Segment Start: ENTRIES PROVIDED

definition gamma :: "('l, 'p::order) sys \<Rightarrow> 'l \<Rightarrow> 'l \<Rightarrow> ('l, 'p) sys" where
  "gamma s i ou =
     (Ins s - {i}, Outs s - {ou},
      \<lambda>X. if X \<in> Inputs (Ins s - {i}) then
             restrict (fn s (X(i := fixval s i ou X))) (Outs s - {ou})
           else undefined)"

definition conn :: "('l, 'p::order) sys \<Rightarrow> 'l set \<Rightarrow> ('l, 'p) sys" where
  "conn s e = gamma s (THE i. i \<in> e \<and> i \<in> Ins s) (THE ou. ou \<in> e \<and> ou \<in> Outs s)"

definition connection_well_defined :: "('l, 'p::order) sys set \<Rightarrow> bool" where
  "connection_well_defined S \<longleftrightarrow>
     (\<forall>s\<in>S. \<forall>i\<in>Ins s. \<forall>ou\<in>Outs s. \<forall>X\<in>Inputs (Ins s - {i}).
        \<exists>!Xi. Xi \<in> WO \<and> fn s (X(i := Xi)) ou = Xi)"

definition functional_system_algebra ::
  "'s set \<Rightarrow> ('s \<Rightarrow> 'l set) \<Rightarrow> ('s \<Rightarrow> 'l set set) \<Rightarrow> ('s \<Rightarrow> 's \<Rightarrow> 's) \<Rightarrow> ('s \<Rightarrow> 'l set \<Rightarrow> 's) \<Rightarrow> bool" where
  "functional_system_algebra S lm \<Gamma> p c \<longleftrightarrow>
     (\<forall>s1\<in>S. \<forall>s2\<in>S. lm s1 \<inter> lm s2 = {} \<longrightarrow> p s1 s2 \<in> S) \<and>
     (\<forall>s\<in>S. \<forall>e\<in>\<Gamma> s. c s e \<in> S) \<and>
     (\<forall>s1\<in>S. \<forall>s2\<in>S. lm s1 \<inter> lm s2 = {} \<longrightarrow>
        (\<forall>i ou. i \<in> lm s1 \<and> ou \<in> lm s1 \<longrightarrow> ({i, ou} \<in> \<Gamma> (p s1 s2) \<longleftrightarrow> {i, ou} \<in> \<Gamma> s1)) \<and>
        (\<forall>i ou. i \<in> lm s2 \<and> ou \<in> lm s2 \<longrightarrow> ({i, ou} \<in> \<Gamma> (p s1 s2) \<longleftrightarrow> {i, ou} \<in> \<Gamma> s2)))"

Segment End: ENTRIES PROVIDED
Segment Start: ENTRIES PROVIDED

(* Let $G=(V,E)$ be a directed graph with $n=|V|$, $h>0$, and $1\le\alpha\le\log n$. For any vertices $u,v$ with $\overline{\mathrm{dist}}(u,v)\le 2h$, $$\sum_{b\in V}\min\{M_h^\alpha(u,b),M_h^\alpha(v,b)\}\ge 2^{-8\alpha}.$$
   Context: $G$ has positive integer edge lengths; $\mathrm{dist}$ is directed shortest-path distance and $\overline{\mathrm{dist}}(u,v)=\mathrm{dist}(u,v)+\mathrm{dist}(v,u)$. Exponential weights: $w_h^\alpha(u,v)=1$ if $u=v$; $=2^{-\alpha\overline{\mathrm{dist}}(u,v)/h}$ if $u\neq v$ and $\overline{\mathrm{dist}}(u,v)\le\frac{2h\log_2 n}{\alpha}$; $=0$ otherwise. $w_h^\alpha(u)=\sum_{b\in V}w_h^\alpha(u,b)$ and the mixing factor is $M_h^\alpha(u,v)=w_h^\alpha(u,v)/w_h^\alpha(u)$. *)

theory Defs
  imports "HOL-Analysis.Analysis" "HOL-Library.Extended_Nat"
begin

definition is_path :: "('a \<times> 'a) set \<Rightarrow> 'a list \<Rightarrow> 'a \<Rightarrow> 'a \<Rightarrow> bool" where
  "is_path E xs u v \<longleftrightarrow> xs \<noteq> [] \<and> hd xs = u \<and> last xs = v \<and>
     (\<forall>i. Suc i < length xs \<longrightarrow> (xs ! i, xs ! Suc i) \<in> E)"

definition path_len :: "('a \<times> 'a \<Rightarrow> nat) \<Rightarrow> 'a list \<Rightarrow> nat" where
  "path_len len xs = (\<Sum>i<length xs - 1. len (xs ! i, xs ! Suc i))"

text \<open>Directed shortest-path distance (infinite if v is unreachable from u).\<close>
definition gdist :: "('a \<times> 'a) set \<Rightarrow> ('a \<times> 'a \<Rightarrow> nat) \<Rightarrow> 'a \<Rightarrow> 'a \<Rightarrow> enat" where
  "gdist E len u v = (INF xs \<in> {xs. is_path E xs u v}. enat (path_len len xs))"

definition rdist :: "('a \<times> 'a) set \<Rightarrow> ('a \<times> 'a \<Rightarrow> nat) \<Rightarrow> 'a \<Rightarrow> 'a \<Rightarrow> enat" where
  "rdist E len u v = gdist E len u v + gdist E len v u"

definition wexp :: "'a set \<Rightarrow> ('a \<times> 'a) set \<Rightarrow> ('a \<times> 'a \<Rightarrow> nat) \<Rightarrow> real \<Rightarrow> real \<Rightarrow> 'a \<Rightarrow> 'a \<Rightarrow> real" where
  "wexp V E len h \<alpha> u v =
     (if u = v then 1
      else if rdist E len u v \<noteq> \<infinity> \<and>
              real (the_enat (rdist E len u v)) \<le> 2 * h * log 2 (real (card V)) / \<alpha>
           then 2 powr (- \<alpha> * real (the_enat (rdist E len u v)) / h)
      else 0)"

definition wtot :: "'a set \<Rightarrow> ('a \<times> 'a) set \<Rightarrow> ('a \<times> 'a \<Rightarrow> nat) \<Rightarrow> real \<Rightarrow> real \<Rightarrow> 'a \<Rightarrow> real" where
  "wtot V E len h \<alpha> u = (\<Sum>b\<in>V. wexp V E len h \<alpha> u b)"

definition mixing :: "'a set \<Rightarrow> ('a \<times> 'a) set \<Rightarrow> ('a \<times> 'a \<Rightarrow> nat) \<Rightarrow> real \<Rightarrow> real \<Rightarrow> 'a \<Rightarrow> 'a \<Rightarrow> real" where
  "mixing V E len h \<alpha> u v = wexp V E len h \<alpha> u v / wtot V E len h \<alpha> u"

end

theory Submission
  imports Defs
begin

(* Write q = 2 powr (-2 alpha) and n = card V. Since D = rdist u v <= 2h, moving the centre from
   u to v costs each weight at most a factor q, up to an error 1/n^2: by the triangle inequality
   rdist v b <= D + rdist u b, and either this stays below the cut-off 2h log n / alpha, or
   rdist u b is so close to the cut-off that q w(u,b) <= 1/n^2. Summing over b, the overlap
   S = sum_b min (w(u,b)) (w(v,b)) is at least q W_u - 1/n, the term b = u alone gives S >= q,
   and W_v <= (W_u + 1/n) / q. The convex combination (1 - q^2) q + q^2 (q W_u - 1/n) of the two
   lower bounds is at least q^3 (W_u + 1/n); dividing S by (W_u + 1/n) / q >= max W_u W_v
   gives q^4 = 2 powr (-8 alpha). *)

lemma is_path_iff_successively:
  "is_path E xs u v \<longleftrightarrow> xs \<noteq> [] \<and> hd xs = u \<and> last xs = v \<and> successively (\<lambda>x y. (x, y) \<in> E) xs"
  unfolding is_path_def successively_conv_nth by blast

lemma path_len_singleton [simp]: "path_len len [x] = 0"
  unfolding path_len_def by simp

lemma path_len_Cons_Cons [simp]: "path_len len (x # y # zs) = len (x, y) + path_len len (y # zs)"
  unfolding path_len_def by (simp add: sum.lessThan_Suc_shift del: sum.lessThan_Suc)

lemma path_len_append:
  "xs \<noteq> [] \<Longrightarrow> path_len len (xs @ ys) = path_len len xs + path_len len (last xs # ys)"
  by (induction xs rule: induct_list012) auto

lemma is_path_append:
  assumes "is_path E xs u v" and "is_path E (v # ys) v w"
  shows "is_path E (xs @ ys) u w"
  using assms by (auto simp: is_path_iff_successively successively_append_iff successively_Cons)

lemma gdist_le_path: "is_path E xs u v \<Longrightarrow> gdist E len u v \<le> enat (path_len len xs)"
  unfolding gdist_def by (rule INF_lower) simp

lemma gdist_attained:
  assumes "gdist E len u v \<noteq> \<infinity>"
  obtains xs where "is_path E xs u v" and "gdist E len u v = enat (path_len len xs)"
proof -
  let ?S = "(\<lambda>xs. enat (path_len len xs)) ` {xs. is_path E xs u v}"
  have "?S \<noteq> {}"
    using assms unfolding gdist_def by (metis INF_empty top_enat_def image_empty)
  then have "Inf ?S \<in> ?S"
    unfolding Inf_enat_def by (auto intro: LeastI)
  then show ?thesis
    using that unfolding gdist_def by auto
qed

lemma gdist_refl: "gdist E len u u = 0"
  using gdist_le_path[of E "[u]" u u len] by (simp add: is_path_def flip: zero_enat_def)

Segment End: ENTRIES PROVIDED

◆ **PROBLEM TO SOLVE**:
Copy out the lines above exactly, beginning at the one that contains "set \<Rightarrow> ('s" and ending at the one that contains "(\<forall>i ou. i \<in> lm s2".

◆ **RESPONSE BELOW**:
  "'s set \<Rightarrow> ('s \<Rightarrow> 'l set) \<Rightarrow> ('s \<Rightarrow> 'l set set) \<Rightarrow> ('s \<Rightarrow> 's \<Rightarrow> 's) \<Rightarrow> ('s \<Rightarrow> 'l set \<Rightarrow> 's) \<Rightarrow> bool" where
  "functional_system_algebra S lm \<Gamma> p c \<longleftrightarrow>
     (\<forall>s1\<in>S. \<forall>s2\<in>S. lm s1 \<inter> lm s2 = {} \<longrightarrow> p s1 s2 \<in> S) \<and>
     (\<forall>s\<in>S. \<forall>e\<in>\<Gamma> s. c s e \<in> S) \<and>
     (\<forall>s1\<in>S. \<forall>s2\<in>S. lm s1 \<inter> lm s2 = {} \<longrightarrow>
        (\<forall>i ou. i \<in> lm s1 \<and> ou \<in> lm s1 \<longrightarrow> ({i, ou} \<in> \<Gamma> (p s1 s2) \<longleftrightarrow> {i, ou} \<in> \<Gamma> s1)) \<and>
        (\<forall>i ou. i \<in> lm s2 \<and> ou \<in> lm s2 \<longrightarrow> ({i, ou} \<in> \<Gamma> (p s1 s2) \<longleftrightarrow> {i, ou} \<in> \<Gamma> s2)))"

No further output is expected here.